● **Directions for this task**
Nothing but the lines below between the line holding "along restarted trajectories." and the line holding "uniform over bounded", inclusive, should appear in the answer, each set down exactly.

● **Source material**

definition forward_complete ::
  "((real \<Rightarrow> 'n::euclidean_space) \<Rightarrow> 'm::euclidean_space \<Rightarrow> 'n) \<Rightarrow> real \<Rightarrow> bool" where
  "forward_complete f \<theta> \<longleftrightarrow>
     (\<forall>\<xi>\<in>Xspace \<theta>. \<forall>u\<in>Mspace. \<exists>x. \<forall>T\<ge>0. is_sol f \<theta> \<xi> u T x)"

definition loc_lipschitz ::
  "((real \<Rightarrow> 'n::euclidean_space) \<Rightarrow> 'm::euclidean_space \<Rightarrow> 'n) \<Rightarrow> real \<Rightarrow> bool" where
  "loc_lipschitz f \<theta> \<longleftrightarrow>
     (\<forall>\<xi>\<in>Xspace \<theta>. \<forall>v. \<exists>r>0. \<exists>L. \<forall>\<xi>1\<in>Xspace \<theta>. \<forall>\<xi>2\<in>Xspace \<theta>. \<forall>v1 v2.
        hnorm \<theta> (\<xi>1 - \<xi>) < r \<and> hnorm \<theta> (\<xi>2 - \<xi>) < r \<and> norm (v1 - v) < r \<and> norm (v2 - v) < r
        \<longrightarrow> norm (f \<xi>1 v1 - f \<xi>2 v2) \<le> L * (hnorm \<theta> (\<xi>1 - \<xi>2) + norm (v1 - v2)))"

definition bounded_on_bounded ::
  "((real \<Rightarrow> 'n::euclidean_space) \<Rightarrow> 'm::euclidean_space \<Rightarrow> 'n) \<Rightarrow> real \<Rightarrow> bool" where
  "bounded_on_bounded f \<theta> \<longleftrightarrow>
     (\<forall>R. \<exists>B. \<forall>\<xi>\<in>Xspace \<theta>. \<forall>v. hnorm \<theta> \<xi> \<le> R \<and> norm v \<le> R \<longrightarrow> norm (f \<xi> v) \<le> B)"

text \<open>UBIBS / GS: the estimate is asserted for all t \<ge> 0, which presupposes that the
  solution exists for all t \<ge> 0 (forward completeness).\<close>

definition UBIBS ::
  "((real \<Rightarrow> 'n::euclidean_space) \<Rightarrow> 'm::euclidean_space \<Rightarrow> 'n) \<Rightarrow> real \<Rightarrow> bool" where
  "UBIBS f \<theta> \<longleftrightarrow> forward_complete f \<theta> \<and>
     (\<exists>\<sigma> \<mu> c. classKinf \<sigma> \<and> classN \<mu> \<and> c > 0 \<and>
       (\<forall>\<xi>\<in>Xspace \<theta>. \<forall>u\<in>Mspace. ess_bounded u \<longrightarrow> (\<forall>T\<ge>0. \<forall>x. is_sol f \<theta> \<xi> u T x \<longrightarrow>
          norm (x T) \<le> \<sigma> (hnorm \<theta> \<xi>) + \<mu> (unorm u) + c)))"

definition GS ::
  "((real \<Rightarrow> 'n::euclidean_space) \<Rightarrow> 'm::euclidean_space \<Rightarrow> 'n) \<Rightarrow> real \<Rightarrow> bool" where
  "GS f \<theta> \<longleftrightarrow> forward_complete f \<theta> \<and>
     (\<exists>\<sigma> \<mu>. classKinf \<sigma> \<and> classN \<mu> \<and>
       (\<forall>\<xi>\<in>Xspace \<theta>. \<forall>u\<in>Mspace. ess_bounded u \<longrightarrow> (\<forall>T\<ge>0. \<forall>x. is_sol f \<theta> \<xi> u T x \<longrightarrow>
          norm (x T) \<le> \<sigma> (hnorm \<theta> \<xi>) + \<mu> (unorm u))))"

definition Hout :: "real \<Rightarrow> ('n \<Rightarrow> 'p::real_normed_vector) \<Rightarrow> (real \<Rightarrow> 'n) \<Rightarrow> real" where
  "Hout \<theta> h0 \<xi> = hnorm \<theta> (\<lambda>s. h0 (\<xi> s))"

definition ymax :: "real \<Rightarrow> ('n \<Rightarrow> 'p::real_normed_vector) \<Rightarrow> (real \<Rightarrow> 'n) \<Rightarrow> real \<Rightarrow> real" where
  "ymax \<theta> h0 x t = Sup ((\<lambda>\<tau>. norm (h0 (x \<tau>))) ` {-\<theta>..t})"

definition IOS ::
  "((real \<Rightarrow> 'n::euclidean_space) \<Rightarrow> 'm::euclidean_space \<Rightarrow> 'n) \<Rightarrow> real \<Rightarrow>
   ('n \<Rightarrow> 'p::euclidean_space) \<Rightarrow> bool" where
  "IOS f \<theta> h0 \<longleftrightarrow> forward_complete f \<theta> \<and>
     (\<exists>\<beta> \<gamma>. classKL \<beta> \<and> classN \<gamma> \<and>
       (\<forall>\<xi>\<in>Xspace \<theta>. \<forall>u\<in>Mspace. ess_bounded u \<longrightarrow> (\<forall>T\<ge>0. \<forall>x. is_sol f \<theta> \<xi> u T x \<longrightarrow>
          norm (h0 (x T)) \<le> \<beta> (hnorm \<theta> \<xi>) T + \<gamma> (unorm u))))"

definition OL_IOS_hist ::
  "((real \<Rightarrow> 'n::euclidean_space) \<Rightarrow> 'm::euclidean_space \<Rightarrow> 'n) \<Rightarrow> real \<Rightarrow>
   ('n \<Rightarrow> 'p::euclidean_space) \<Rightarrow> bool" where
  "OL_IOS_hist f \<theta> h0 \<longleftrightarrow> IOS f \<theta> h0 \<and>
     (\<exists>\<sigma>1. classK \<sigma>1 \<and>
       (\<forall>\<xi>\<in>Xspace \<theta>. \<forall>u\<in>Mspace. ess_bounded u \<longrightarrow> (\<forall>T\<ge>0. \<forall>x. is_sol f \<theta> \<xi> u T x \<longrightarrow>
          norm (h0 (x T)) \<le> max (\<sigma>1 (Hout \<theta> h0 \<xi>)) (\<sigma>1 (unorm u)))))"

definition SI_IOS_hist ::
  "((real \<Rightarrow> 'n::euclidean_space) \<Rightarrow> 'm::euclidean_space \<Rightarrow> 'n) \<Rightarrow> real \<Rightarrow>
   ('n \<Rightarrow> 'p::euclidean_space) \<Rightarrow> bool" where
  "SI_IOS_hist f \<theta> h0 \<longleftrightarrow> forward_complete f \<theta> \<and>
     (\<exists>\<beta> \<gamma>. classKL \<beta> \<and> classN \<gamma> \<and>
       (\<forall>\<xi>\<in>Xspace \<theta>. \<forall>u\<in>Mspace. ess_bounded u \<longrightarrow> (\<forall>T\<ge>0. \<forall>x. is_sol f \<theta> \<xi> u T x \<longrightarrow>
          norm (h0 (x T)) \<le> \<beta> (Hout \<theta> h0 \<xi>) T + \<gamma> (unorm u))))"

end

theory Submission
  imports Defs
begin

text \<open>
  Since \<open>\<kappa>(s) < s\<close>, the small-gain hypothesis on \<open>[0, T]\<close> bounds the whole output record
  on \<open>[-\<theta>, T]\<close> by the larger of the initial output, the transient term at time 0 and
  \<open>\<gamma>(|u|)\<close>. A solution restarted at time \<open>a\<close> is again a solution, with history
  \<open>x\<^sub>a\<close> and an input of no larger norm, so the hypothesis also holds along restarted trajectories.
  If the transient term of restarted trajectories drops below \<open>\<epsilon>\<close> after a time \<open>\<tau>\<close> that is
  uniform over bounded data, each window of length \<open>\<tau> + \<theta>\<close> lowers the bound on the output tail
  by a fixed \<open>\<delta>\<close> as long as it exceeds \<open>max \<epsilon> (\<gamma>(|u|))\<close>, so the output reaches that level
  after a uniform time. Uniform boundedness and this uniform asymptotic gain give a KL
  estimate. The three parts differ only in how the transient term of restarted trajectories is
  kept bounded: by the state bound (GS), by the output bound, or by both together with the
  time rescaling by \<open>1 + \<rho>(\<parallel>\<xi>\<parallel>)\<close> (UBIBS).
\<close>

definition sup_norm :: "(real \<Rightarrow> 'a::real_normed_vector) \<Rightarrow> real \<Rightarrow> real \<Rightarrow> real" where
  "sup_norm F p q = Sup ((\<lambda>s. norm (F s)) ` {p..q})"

● **Problem solution**
  \<open>x\<^sub>a\<close> and an input of no larger norm, so the hypothesis also holds along restarted trajectories.
  If the transient term of restarted trajectories drops below \<open>\<epsilon>\<close> after a time \<open>\<tau>\<close> that is
  uniform over bounded data, each window of length \<open>\<tau> + \<theta>\<close> lowers the bound on the output tail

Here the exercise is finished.